My first Playoff game was in 2004. The Preds had an unlikely slide into 8th place and drew Detroit . After losing the first two games, Nashville brought it home to win two and a row here. Another loss in Detroit sent it back to Nashville for a potential elimination Game 6. Preds lost. I remember grabbing the rally towel they gave out to all the fans and bawling my eyes out. My mom leaned over and asked, “Are you crying?” What the hell does it look like I’m doing?!? On the way out, my intoxicated self yelled some nasty and rude things I don’t remember at a female Detroit fan. She came after me and I ducked into the bathroom and hid in a stall and cried some more. On the street, I beat the crap out of the side of a cab with my fists, after he tried turning when we were crossing the street, yelling, “Pedestrians have the right of way asshole!!!” My Mom told me it wasn’t a good idea for me to drink so much. She was right.
But April 2004 was amazing for many reasons. That was the end of my first hockey season where I could legally drink—and I probably overindulged a little too much. I can distinctly remember a few occasions besides that Playoff game. I was also a few weeks from graduating Belmont , and had finished up my theses and was winding down my four and a half years there. I was moving to D.C. for work and grad school in just a few months. At the time I thought I was saying goodbye to Nashville forever. I was standing right on the verge of becoming an actual "adult." Little did we know at the time but that would also be our last hockey game for over a year as the following season (2004-2005) was the lockout year.
So much was going on in my life plus it was spring and the weather was great, I was drunk and it was my first Playoff series. Every time Playoffs come around it takes me back to that time and place in my life, which just adds to the electrifying feeling of it all.

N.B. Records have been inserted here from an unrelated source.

lemma twin_part_even_odd:
  assumes "l < n" "l \<notin> W" "l \<notin> {1,2}" "m \<in> W"
  shows "row_ip h twin_cols l m = 0"
  using even[OF assms(1-3)] odd[OF assms(4)] by (simp add: row_ip_def)

text \<open>The three kinds of rows, ordered twin < even < odd.\<close>
definition row_kind :: "nat \<Rightarrow> nat" where
  "row_kind i = (if i \<in> {1,2} then 0 else if i \<in> W then 2 else 1)"

lemma row_kind_iff:
  "row_kind i = 0 \<longleftrightarrow> i \<in> {1,2}"
  "row_kind i = 1 \<longleftrightarrow> i \<notin> {1,2} \<and> i \<notin> W"
  "row_kind i = 2 \<longleftrightarrow> i \<in> W"
  using odd_rows by (auto simp: row_kind_def)

lemma row_kind_le: "row_kind i \<le> 2"
  by (simp add: row_kind_def)

definition twist_factor :: "complex \<Rightarrow> complex \<Rightarrow> nat \<Rightarrow> nat \<Rightarrow> complex" where
  "twist_factor \<alpha> \<beta> i j =
     (if j \<in> {1,2} then (if row_kind i = 2 then \<beta> else 1)
      else if 3 + p \<le> j then (if row_kind i = 0 then \<alpha> else 1) else 1)"

text \<open>Only the twin and sign parts change, by the factors U i * cnj (U k) and
  V i * cnj (V k); the equation saying that this change is harmless is
  invariant under swapping i and k, so only kind i < kind k needs checking.\<close>
lemma twist_preserves_row_ip:
  assumes units: "cmod \<alpha> = 1" "cmod \<beta> = 1" and cond: "\<beta> = cnj \<alpha> \<or> a = b"
    and ik: "i < n" "k < n"
  shows "row_ip (\<lambda>i j. h i j * twist_factor \<alpha> \<beta> i j) {..<n} i k = row_ip h {..<n} i k"
proof -
  define U where "U i = (if row_kind i = 2 then \<beta> else 1)" for i
  define V where "V i = (if row_kind i = 0 then \<alpha> else 1)" for i
  define balanced where "balanced i k \<longleftrightarrow>
    U i * cnj (U k) * row_ip h twin_cols i k + V i * cnj (V k) * row_ip h sign_cols i k
      = row_ip h twin_cols i k + row_ip h sign_cols i k" for i k
  have unit_UV: "U i * cnj (U i) = 1" "V i * cnj (V i) = 1" for i
    using units unimodular_mult_cnj by (auto simp: U_def V_def)
  have swap: "balanced k i" if "balanced i k" for i k
    using arg_cong[OF that[unfolded balanced_def], of cnj]
    by (simp add: balanced_def row_ip_swap[of h _ k i] mult_ac)
  have ordered: "balanced i k" if "i < n" "k < n" "row_kind i \<le> row_kind k" for i k
  proof (cases "row_kind i = row_kind k")
    case True
    then show ?thesis using unit_UV by (simp add: balanced_def U_def V_def)
  next
    case False
    with that(3) row_kind_le[of k]
    consider "row_kind i = 0" "row_kind k = 1" | "row_kind i = 0" "row_kind k = 2"
      | "row_kind i = 1" "row_kind k = 2"
      by linarith
    then show ?thesis
    proof cases
      case 1
      then have "i \<in> {1,2}" "k \<notin> W" "k \<notin> {1,2}"
        using row_kind_iff(1,2) by blast+
      then have "row_ip h sign_cols i k = 0"
        using sign_part_even that(2) by blast
      with 1 show ?thesis by (simp add: balanced_def U_def V_def)
    next
      case 2
      then have factors: "U i = 1" "V i = \<alpha>" "U k = \<beta>" "V k = 1"
        by (simp_all add: U_def V_def)
      have cancel: "row_ip h twin_cols i k + row_ip h sign_cols i k = 0"
        using twin_sign_cancel_odd 2 by (simp add: row_kind_iff)
      show ?thesis using cond
      proof
        assume "\<beta> = cnj \<alpha>"
        then have "cnj \<beta> * row_ip h twin_cols i k + \<alpha> * row_ip h sign_cols i k
                     = \<alpha> * (row_ip h twin_cols i k + row_ip h sign_cols i k)"
          by (simp add: distrib_left)
        then show ?thesis using factors cancel by (simp add: balanced_def)
      next
        assume "a = b"
        then have "row_ip h twin_cols i k = 0"
          using twin_part_odd_sym_corner 2 by (simp add: row_kind_iff)
        then show ?thesis using factors cancel by (simp add: balanced_def)
      qed
    next
      case 3
      then have "i \<notin> W" "i \<notin> {1,2}" "k \<in> W"
        using row_kind_iff(2,3) by blast+
      then have "row_ip h twin_cols i k = 0"
        using twin_part_even_odd that(1) by blast
      with 3 show ?thesis by (simp add: balanced_def U_def V_def)
    qed
  qed
  let ?h' = "\<lambda>i j. h i j * twist_factor \<alpha> \<beta> i j"
  have "balanced i k"
    using ordered[OF ik] ordered[OF ik(2,1)] swap by (meson nat_le_linear)
  moreover have "row_ip ?h' fixed_cols i k = 1 * cnj 1 * row_ip h fixed_cols i k"
    by (rule row_ip_scaled) (auto simp: twist_factor_def)
  moreover have "row_ip ?h' twin_cols i k = U i * cnj (U k) * row_ip h twin_cols i k"
    by (rule row_ip_scaled) (auto simp: twist_factor_def U_def)
  moreover have "row_ip ?h' sign_cols i k = V i * cnj (V k) * row_ip h sign_cols i k"
    by (rule row_ip_scaled) (auto simp: twist_factor_def V_def)
  ultimately show ?thesis
    by (simp add: row_ip_split balanced_def)
qed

Its sports excitement, coupled with intense emotions, good and bad memories, nostalgia and alcohol that lives in the pit of my stomach until the horn blows on the final game.
Back then I lived and breathed Preds hockey. I still do, but now I follow the league as a whole and know more about the sport. Back then I was just a budding hockey fan, but a full-fledged Preds fan. I had been attending games since their first season and regularly for the previous three years. My growing interest in and knowledge of hockey hasn’t taken any of the magic out of the Playoffs for me, even though my season doesn’t necessarily end when the Preds’ season does—like it did back then. But tonight is the opening night of Playoffs (even though it isn’t a home game) and I can feel that energy starting to well up in my gut.